Just to double check, I looked up the spec sheet on the dimmer I mentioned, and it seems like it should be good to go: "The unit can be used for switching incandescent and fluorescent and low voltage lighting with electronic or magnetic ballasts." So it would appear to be good to go, but I haven't tested it :)
Last weekend, I installed a motion-sensing switch in the second bathroom (which always seems to have the light left on...) I didn't see the fine print on the packaging about electronic ballasts, and when the work was done, I got the flicker. Had I read your post, I may have left the switch in place, but I ended up returning it. I'd really rather not have to keep an incandescent in the socket! The fixture has three bulbs, so if I use all 13 watt CFL's without a motion sensor, the lights will be left on by accident about 5 hours a day on average (that's probably a high number because we do often remember to turn them off.) That's 195 watt hours. If I add the motion sensor and bring that time down to 2 hours per day (actual useful time) but I've got two CFLs at 13 watts and one incandescent at 60 watts, I'm using 172 watt hours. That 60 watt bulb is like adding three and a half extra CFLs. It's killing a lot of the savings, and making it harder to justify the cost of the switch! Do you know of any motion switches that work with all CFLs? Or do I need to throw an LED in there to bleed off the current?

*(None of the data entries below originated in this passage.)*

lemma lincomb_recursion_tendsto_zero:
  fixes \<alpha> \<beta> :: "nat \<Rightarrow> complex" and \<sigma> \<gamma> lam :: "nat \<Rightarrow> real"
  assumes rec: "\<And>j. \<alpha> (Suc j) = of_real (\<sigma> j) * \<alpha> j + of_real (\<gamma> j) * \<beta> j"
    and bound: "\<And>j. (\<sigma> j)^2 + (\<gamma> j)^2 \<le> 1" "\<And>j. (\<sigma> j)^2 \<le> 1 - lam j"
    and \<beta>: "summable (\<lambda>j. (cmod (\<beta> j))^2)"
    and lam: "\<And>j. 0 \<le> lam j" "\<not> summable lam"
  shows "\<alpha> \<longlonglongrightarrow> 0"
proof (rule LIMSEQ_I)
  fix r :: real
  assume r: "0 < r"
  obtain k where "norm (\<Sum>i. (cmod (\<beta> (i + k)))^2) < (r/2)^2"
    using suminf_exist_split[OF _ \<beta>, of "(r/2)^2"] r by auto
  then have tail: "(\<Sum>i. (cmod (\<beta> (i + k)))^2) < (r/2)^2"
    by (simp add: abs_less_iff)
  define \<pi> where "\<pi> d = (\<Prod>i<d. \<sigma> (i + k))" for d
  \<comment> \<open>From time \<open>k\<close> on, \<open>\<alpha>\<close> is the decaying free evolution \<open>\<pi> d * \<alpha> k\<close> plus a perturbation fed by the tail of \<open>\<beta>\<close>.\<close>
  have "(cmod (\<alpha> (d + k) - of_real (\<pi> d) * \<alpha> k))^2 < (r/2)^2" for d
    using lincomb_recursion_perturbation[where \<alpha> = "\<lambda>j. \<alpha> (j + k)" and \<beta> = "\<lambda>j. \<beta> (j + k)"
        and \<sigma> = "\<lambda>j. \<sigma> (j + k)" and \<gamma> = "\<lambda>j. \<gamma> (j + k)" and d = d] rec bound(1) tail
      \<beta> summable_iff_shift[where f = "\<lambda>j. (cmod (\<beta> j))^2" and k = k]
    by (simp add: \<pi>_def)
  then have near: "cmod (\<alpha> (d + k) - of_real (\<pi> d) * \<alpha> k) < r/2" for d
    by (rule power2_less_imp_less) (use r in simp)
  have "\<not> summable (\<lambda>i. lam (i + k))"
    using lam(2) summable_iff_shift[where f = lam and k = k] by simp
  then have "\<pi> \<longlonglongrightarrow> 0"
    unfolding \<pi>_def using prod_tendsto_zero_divergent[where \<sigma> = "\<lambda>i. \<sigma> (i + k)" and lam = "\<lambda>i. lam (i + k)"] bound(2) lam(1)
    by blast
  then have "(\<lambda>d. of_real (\<pi> d) * \<alpha> k) \<longlonglongrightarrow> 0"
    using tendsto_mult_left_zero tendsto_of_real by fastforce
  then obtain D where D: "\<And>d. D \<le> d \<Longrightarrow> cmod (of_real (\<pi> d) * \<alpha> k) < r/2"
    using LIMSEQ_D[of _ 0 "r/2"] r by (metis diff_zero half_gt_zero)
  show "\<exists>no. \<forall>n\<ge>no. norm (\<alpha> n - 0) < r"
  proof (intro exI allI impI)
    fix n assume "D + k \<le> n"
    then have "cmod (\<alpha> n) \<le> cmod (\<alpha> ((n - k) + k) - of_real (\<pi> (n - k)) * \<alpha> k) + cmod (of_real (\<pi> (n - k)) * \<alpha> k)"
      using norm_triangle_ineq[of "\<alpha> n - of_real (\<pi> (n - k)) * \<alpha> k" "of_real (\<pi> (n - k)) * \<alpha> k"]
      by simp
    also have "\<dots> < r"
      using near[of "n - k"] D[of "n - k"] \<open>D + k \<le> n\<close> by (simp add: le_diff_conv2)
    finally show "norm (\<alpha> n - 0) < r"
      by simp
  qed
qed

I'm a fan of the Leviton units such as the Leviton IPP15-1LW - these work with CFLs (as far as I can tell) and they are Manual On - Auto off. IOW, you still have to flick the switch to turn it on, they won't go on just because you walked by. And then they stay on 'til you leave. (Or until you flick the switch again). I actually installed one for my bathroom fan, it's handy because it'll run for a set time after the occupant leaves & then shuts itself off - gets moisture out but doesn't suck out all the conditioned air.